Records from a data collection
****************************************

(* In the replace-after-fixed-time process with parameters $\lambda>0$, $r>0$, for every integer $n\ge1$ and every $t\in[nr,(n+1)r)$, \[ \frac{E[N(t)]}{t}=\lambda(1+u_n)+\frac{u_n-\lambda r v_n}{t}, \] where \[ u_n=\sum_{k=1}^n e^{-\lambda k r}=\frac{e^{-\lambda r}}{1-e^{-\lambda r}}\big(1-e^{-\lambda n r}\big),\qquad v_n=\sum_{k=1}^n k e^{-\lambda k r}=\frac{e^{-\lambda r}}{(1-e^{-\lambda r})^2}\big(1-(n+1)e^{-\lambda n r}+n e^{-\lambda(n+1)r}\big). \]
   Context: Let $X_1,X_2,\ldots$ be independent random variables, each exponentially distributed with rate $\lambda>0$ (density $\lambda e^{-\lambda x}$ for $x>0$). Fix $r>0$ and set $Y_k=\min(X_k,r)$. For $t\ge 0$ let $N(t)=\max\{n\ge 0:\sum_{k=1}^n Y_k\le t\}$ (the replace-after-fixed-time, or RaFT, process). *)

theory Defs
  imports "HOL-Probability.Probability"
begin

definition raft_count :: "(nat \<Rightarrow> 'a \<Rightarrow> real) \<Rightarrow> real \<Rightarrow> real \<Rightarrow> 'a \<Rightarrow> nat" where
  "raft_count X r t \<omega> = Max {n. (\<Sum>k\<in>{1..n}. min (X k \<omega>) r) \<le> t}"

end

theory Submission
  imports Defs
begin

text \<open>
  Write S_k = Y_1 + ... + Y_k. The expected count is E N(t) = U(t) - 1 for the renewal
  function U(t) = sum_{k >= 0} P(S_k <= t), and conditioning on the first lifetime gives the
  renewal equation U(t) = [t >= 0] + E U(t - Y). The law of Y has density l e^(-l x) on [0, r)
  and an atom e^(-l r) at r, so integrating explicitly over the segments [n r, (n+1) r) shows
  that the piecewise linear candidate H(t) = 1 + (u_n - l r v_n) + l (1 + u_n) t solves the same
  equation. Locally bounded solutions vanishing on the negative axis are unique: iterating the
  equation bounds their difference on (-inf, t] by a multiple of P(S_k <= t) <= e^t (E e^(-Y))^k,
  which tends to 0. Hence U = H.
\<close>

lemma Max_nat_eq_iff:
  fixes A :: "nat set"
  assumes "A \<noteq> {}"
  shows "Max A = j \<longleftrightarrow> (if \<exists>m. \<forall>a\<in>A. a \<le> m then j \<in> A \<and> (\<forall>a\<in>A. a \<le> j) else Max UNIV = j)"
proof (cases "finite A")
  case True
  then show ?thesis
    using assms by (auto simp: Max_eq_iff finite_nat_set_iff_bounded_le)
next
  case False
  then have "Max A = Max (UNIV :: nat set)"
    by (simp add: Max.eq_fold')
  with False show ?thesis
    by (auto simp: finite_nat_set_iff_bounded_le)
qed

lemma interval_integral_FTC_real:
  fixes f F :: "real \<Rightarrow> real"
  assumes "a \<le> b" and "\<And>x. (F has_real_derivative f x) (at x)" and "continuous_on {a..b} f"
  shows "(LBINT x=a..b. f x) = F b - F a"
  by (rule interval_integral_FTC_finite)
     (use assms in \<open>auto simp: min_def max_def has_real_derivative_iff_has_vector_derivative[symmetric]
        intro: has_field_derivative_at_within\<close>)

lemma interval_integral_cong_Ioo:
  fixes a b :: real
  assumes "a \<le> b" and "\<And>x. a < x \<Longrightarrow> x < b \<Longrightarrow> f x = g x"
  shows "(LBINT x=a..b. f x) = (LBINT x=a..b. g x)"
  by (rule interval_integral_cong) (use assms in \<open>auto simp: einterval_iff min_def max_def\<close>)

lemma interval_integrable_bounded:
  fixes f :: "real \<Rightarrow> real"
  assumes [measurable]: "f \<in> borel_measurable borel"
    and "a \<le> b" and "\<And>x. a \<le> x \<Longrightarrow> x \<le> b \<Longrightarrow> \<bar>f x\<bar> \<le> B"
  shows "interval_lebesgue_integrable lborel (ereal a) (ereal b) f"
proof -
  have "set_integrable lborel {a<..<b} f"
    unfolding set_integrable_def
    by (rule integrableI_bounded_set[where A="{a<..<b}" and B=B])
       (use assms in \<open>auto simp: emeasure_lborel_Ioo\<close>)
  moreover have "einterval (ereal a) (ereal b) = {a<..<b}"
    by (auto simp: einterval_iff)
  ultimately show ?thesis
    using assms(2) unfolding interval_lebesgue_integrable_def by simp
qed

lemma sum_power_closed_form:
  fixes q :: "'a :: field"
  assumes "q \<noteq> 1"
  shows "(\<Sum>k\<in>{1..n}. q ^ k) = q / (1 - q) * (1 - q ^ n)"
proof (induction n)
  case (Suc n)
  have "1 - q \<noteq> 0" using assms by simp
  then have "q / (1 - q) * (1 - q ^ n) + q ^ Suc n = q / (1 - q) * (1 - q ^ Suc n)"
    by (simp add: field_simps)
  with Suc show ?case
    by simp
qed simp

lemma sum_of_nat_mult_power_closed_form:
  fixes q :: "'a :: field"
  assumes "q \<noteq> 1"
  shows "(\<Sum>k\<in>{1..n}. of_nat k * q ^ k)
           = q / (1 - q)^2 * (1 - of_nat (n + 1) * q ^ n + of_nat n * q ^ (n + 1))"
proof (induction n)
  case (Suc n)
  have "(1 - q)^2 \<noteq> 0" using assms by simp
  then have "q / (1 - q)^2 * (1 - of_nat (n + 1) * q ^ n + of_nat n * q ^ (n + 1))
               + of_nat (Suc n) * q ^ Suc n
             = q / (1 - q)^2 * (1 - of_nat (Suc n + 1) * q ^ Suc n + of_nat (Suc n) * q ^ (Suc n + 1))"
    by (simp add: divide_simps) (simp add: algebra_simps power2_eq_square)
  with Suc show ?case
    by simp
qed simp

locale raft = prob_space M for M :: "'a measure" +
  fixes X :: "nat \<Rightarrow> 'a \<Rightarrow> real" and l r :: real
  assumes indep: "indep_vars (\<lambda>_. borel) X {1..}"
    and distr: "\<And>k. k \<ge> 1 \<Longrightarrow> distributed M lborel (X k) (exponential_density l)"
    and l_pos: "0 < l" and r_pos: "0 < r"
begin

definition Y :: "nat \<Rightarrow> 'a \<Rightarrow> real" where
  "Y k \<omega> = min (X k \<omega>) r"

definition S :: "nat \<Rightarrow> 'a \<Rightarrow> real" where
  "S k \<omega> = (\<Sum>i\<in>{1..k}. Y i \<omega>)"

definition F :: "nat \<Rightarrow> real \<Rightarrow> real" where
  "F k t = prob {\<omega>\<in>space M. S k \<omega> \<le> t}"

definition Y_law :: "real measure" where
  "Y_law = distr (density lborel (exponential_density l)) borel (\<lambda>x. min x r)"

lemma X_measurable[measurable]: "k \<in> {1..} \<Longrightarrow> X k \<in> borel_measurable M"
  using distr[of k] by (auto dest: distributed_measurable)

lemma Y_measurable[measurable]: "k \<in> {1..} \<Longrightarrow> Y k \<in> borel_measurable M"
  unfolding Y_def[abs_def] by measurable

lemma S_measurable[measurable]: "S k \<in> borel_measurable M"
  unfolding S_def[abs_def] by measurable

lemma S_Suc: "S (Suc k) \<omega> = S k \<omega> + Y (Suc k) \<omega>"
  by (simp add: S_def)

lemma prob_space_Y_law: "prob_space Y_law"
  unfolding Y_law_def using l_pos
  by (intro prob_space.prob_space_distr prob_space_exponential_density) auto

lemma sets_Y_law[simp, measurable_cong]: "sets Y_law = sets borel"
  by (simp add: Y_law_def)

****************************************

Exercise goal – Search the entries above for the string "have". Copy each line that holds it.

Answer space –
  then have "Max A = Max (UNIV :: nat set)"
  have "set_integrable lborel {a<..<b} f"
  moreover have "einterval (ereal a) (ereal b) = {a<..<b}"
  have "1 - q \<noteq> 0" using assms by simp
  then have "q / (1 - q) * (1 - q ^ n) + q ^ Suc n = q / (1 - q) * (1 - q ^ Suc n)"
  have "(1 - q)^2 \<noteq> 0" using assms by simp
  then have "q / (1 - q)^2 * (1 - of_nat (n + 1) * q ^ n + of_nat n * q ^ (n + 1))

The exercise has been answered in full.